C-style arrays should be avoided in most cases
Because of the non-standard passing semantics (pass by address is used instead of pass by value) and risks associated with decayed arrays losing their length information, C-style arrays have generally fallen out of favor. We recommend avoiding them as much as possible.
Best practice
Avoid C-style arrays whenever practical.
- Prefer
std::string_view
for read-only strings (string literal symbolic constants and string parameters). - Prefer
std::string
for modifiable strings. - Prefer
std::array
for constexpr arrays. - Prefer
std::vector
for non-constexpr arrays.
As an aside…
In C++, arrays can be passed by reference, in which case the array argument won’t decay when passed to a function (but the reference to the array will still decay when evaluated). However, it’s easy to forget to apply this consistently, and one missed reference will lead to decaying arguments. Also, array reference parameters must have a fixed length, meaning the function can only handle arrays of one particular length. If we want a function that can handle arrays of different lengths, then we also have to use function templates. But if you’re going to do both of those things to “fix” C-style arrays, then you might as well just use std::array
!
So when are C-style arrays used in modern C++?

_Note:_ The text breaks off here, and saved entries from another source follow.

(* Let $r\ge3$, $n_1,\dots,n_r\ge1$, $p\in \{1,\ldots,\min(n_1,n_2)\}$, $\pi' \in C_2((n_1+n_2-2p)\otimes n_3 \otimes \ldots \otimes n_r)$, $\sigma_1:\{1,\ldots,p\} \to \{1,\ldots,n_1\}$ decreasing and $\sigma_2:\{1,\ldots,p\} \to \{1,\ldots,n_2\}$ injective. Then \[ \mathrm{Cr}(F(\sigma_1,\sigma_2,\pi'))=\alpha_{n_1}(\sigma_1)+\beta(\sigma_2)+\mathrm{Cr}(\pi'). \]
   Context: For a pairing $\pi$ (partition into two-element sets) of a finite set of integers, a crossing is a pair of blocks $\{x_1,y_1\},\{x_2,y_2\}\in\pi$ with $x_1<x_2<y_1<y_2$; $\mathrm{Cr}(\pi)$ is their number. Blocks and respecting pairings: for $n_1,\dots,n_r\ge1$ and $N=n_1+\dots+n_r$, the blocks of $n_1\otimes\cdots\otimes n_r$ are $\{1,\dots,n_1\}$, $\{n_1+1,\dots,n_1+n_2\}$, etc.; $C_2(n_1\otimes\cdots\otimes n_r)$ is the set of pairings of $\{1,\dots,N\}$ each of whose pairs joins two different blocks. For an injective $\sigma:\{1,\dots,p\}\to\{1,\dots,m\}$, $\mathrm{inv}(\sigma)=\mathrm{Card}\{i<j:\sigma(i)>\sigma(j)\}$, $\alpha_n(\sigma):=\sum_{i=1}^p (n+1-\sigma(i))-\frac{p(p+1)}{2}$ and $\beta(\sigma):=\sum_{i=1}^p \sigma(i)-\frac{p(p+1)}{2}+\mathrm{inv}(\sigma)$. Construction $F$: $\pi=F(\sigma_1,\sigma_2,\pi')\in C_2(n_1\otimes\cdots\otimes n_r)$ consists of the $p$ pairs $\{\sigma_1(i),n_1+\sigma_2(i)\}$, $1\le i\le p$, together with the pairs obtained from $\pi'$ by identifying the first block $\{1,\dots,n_1+n_2-2p\}$ of $\pi'$ (in increasing order) with the $n_1+n_2-2p$ points of $\{1,\dots,n_1+n_2\}$ not used in those $p$ pairs (in increasing order), and the point $n_1+n_2-2p+j$ of $\pi'$ with $n_1+n_2+j$ for $j\ge1$. *)

theory Defs
  imports Main
begin
(* Let $T$ be a locally finite tree rooted at $o$, and for $r\in\mathbb N$ let $T(r)$ be the subtree induced by the vertices at distance at most $r$ from $o$. For every $x>0$ the limits $\lim_{r\to\infty}\mathcal R_x(T(2r),o)$ and $\lim_{r\to\infty}\mathcal R_x(T(2r+1),o)$ exist, and the maps $$x\mapsto \lim_{r\to\infty}\mathcal R_x(T(2r),o),\qquad x\mapsto \lim_{r\to\infty}\mathcal R_x(T(2r+1),o)$$ are real-analytic on $(0,\infty)$.
   Context: A tree is locally finite if each $T(r)$ is finite. For a finite simple graph $G=(V,E)$ and $x>0$, the monomer-dimer measure on matchings $D\subseteq E$ is $\mu_{G,x}(D)=x^{|V|-2|D|}/Z_G(x)$ with $Z_G(x)=\sum_D x^{|V|-2|D|}$ over all matchings; $\mathcal R_x(G,o)$ is the $\mu_{G,x}$-probability that $o$ is not covered by any edge of $D$. *)

theory Defs
  imports "HOL-Analysis.Analysis"
begin

definition simple_graph :: "'a set \<Rightarrow> ('a \<Rightarrow> 'a \<Rightarrow> bool) \<Rightarrow> bool" where
  "simple_graph V E \<longleftrightarrow> (\<forall>u v. E u v \<longrightarrow> u \<in> V \<and> v \<in> V \<and> u \<noteq> v \<and> E v u)"

definition walk :: "'a set \<Rightarrow> ('a \<Rightarrow> 'a \<Rightarrow> bool) \<Rightarrow> 'a list \<Rightarrow> bool" where
  "walk V E xs \<longleftrightarrow> xs \<noteq> [] \<and> set xs \<subseteq> V \<and> (\<forall>i. Suc i < length xs \<longrightarrow> E (xs ! i) (xs ! Suc i))"
definition convA :: "nat \<Rightarrow> nat \<Rightarrow> (nat \<Rightarrow> real) set" where
  "convA K m = {a. \<exists>w. (\<forall>S\<in>acts K m. 0 \<le> w S) \<and> (\<Sum>S\<in>acts K m. w S) = 1 \<and>
                     a = (\<lambda>k. \<Sum>S\<in>acts K m. w S * avec S k)}"

definition basisE :: "nat \<Rightarrow> nat set set" where
  "basisE K = (\<lambda>k. {k}) ` {..<K}"

definition ent :: "nat \<Rightarrow> (nat \<Rightarrow> real) \<Rightarrow> real" where
  "ent K a = - (\<Sum>k<K. if a k = 0 then 0 else a k * ln (a k))"

text \<open>FTRL objective; th is the list tilde theta_1, ..., tilde theta_{t-1}\<close>
definition objf :: "nat \<Rightarrow> nat \<Rightarrow> real \<Rightarrow> (nat \<Rightarrow> ctx) list \<Rightarrow> ctx \<Rightarrow> (nat \<Rightarrow> real) \<Rightarrow> real" where
  "objf K d \<eta> th x a = (\<Sum>s<length th. \<Sum>k<K. ip d x ((th ! s) k) * a k) - ent K a / \<eta>"

definition Abar :: "nat \<Rightarrow> nat \<Rightarrow> nat \<Rightarrow> real \<Rightarrow> (nat \<Rightarrow> ctx) list \<Rightarrow> ctx \<Rightarrow> (nat \<Rightarrow> real)" where
  "Abar K m d \<eta> th x = (SOME a. a \<in> convA K m \<and> (\<forall>b\<in>convA K m. objf K d \<eta> th x a \<le> objf K d \<eta> th x b))"

definition lmin :: "ctx measure \<Rightarrow> nat \<Rightarrow> real" where
  "lmin D d = lambda_min d (second_moment D)"

definition cc1 :: "ctx measure \<Rightarrow> nat \<Rightarrow> nat \<Rightarrow> nat \<Rightarrow> nat \<Rightarrow> real" where
  "cc1 D d K m T = sqrt ((real d + ln (real T) / lmin D d) * real K * ln (real T)
                        / (real m * ln (real K / real m)))"

definition cc2 :: "ctx measure \<Rightarrow> nat \<Rightarrow> nat \<Rightarrow> real" where
  "cc2 D d K = 8 * real K / lmin D d"
(* Let $\theta,r_0>0$ and let $A\subseteq\mathbb R^n$ be a set of finite perimeter such that $\theta r^{n-1}\le P(A,B_r(x))$ for every $x\in\partial A$ and every $r\in(0,r_0]$. Then for every $\ell>0$ and every set of finite perimeter $B\subseteq\mathbb R^n$, $$|B\Delta A|\le\frac{5^n\omega_n}{\theta}\max\Big\{1,\Big(\frac{\ell}{r_0}\Big)^{n-1}\Big\}P(A)\,\ell+\frac1\ell\int_{A\Delta B}\mathrm{dist}(x,\partial A)\,dx .$$
   Context: $|\cdot|$ is Lebesgue measure, $\omega_n=|B_1(0)|$, $B_r(x)$ the open Euclidean ball, $P(A,\Omega)$ the (Euclidean) perimeter of $A$ in the open set $\Omega$, $P(A)=P(A,\mathbb R^n)$, $\mathrm{dist}$ the Euclidean distance. Sets of finite perimeter are normalized to coincide with their points of Lebesgue density one, so that $\partial A$ (topological boundary) is the closure of the reduced boundary. $A\Delta B$ is the symmetric difference. *)

theory Defs
  imports "HOL-Analysis.Analysis"
begin

definition divergence :: "('a::euclidean_space \<Rightarrow> 'a) \<Rightarrow> 'a \<Rightarrow> real" where
  "divergence \<phi> x = (\<Sum>i\<in>Basis. frechet_derivative \<phi> (at x) i \<bullet> i)"

definition admissible_fields :: "'a::euclidean_space set \<Rightarrow> ('a \<Rightarrow> 'a) set" where
  "admissible_fields \<Omega> = {\<phi>. (\<forall>x. \<phi> differentiable (at x))
      \<and> (\<forall>v. continuous_on UNIV (\<lambda>x. frechet_derivative \<phi> (at x) v))
      \<and> compact (closure {x. \<phi> x \<noteq> 0}) \<and> closure {x. \<phi> x \<noteq> 0} \<subseteq> \<Omega>
      \<and> (\<forall>x. norm (\<phi> x) \<le> 1)}"

definition perimeter :: "'a::euclidean_space set \<Rightarrow> 'a set \<Rightarrow> ennreal" where
  "perimeter A \<Omega> = (SUP \<phi>\<in>admissible_fields \<Omega>. ennreal (integral A (divergence \<phi>)))"

definition finite_perimeter :: "'a::euclidean_space set \<Rightarrow> bool" where
  "finite_perimeter A \<longleftrightarrow> A \<in> sets lebesgue \<and> perimeter A UNIV < \<infinity>"

definition density_one_points :: "'a::euclidean_space set \<Rightarrow> 'a set" where
  "density_one_points A = {x. ((\<lambda>r. measure lebesgue (A \<inter> ball x r) / measure lebesgue (ball x r))
        \<longlongrightarrow> 1) (at_right 0)}"

text \<open>Distance from a point to a set, with value \<infinity> for the empty set.\<close>
definition edist_set :: "'a::metric_space \<Rightarrow> 'a set \<Rightarrow> ennreal" where
  "edist_set x S = (INF y\<in>S. ennreal (dist x y))"

end

theory Submission
  imports Defs
begin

In modern C++, C-style arrays are typically used in two cases:
- To store const global (or const static local) program data. Because such arrays can be accessed directly from anywhere in the program, we do not need to pass the array, which avoids decay-related issues. The syntax for defining C-style arrays can be a little less wonky than
std::array
, and indexing such arrays does not have sign conversion issues like the standard library container classes do. - As parameters to functions or classes that want to handle non-constexpr C-style string arguments directly (rather than requiring a conversion to
std::string_view
). There are two possible reasons for this: First, converting a non-constexpr C-style string to astd::string_view
requires traversing the C-style string to determine its length. If the function is in a performance critical section of code and the length isn’t needed (e.g. because the function is going to traverse the string anyway) then avoiding the conversion may be useful. Second, if the function (or class) calls other functions that expect C-style strings, converting to astd::string_view
just to convert back may be suboptimal (unless you have other reasons for wanting astd::string_view
).
Quiz time
Question #1
What is array decay, and why is it a problem?
Question #2
Why do C-style strings (which are C-style arrays) use a null terminator?
Question #3
Extra credit: Why do C-style strings use a null-terminator instead of requiring both the decayed C-style string and explicit length information to be passed to a function?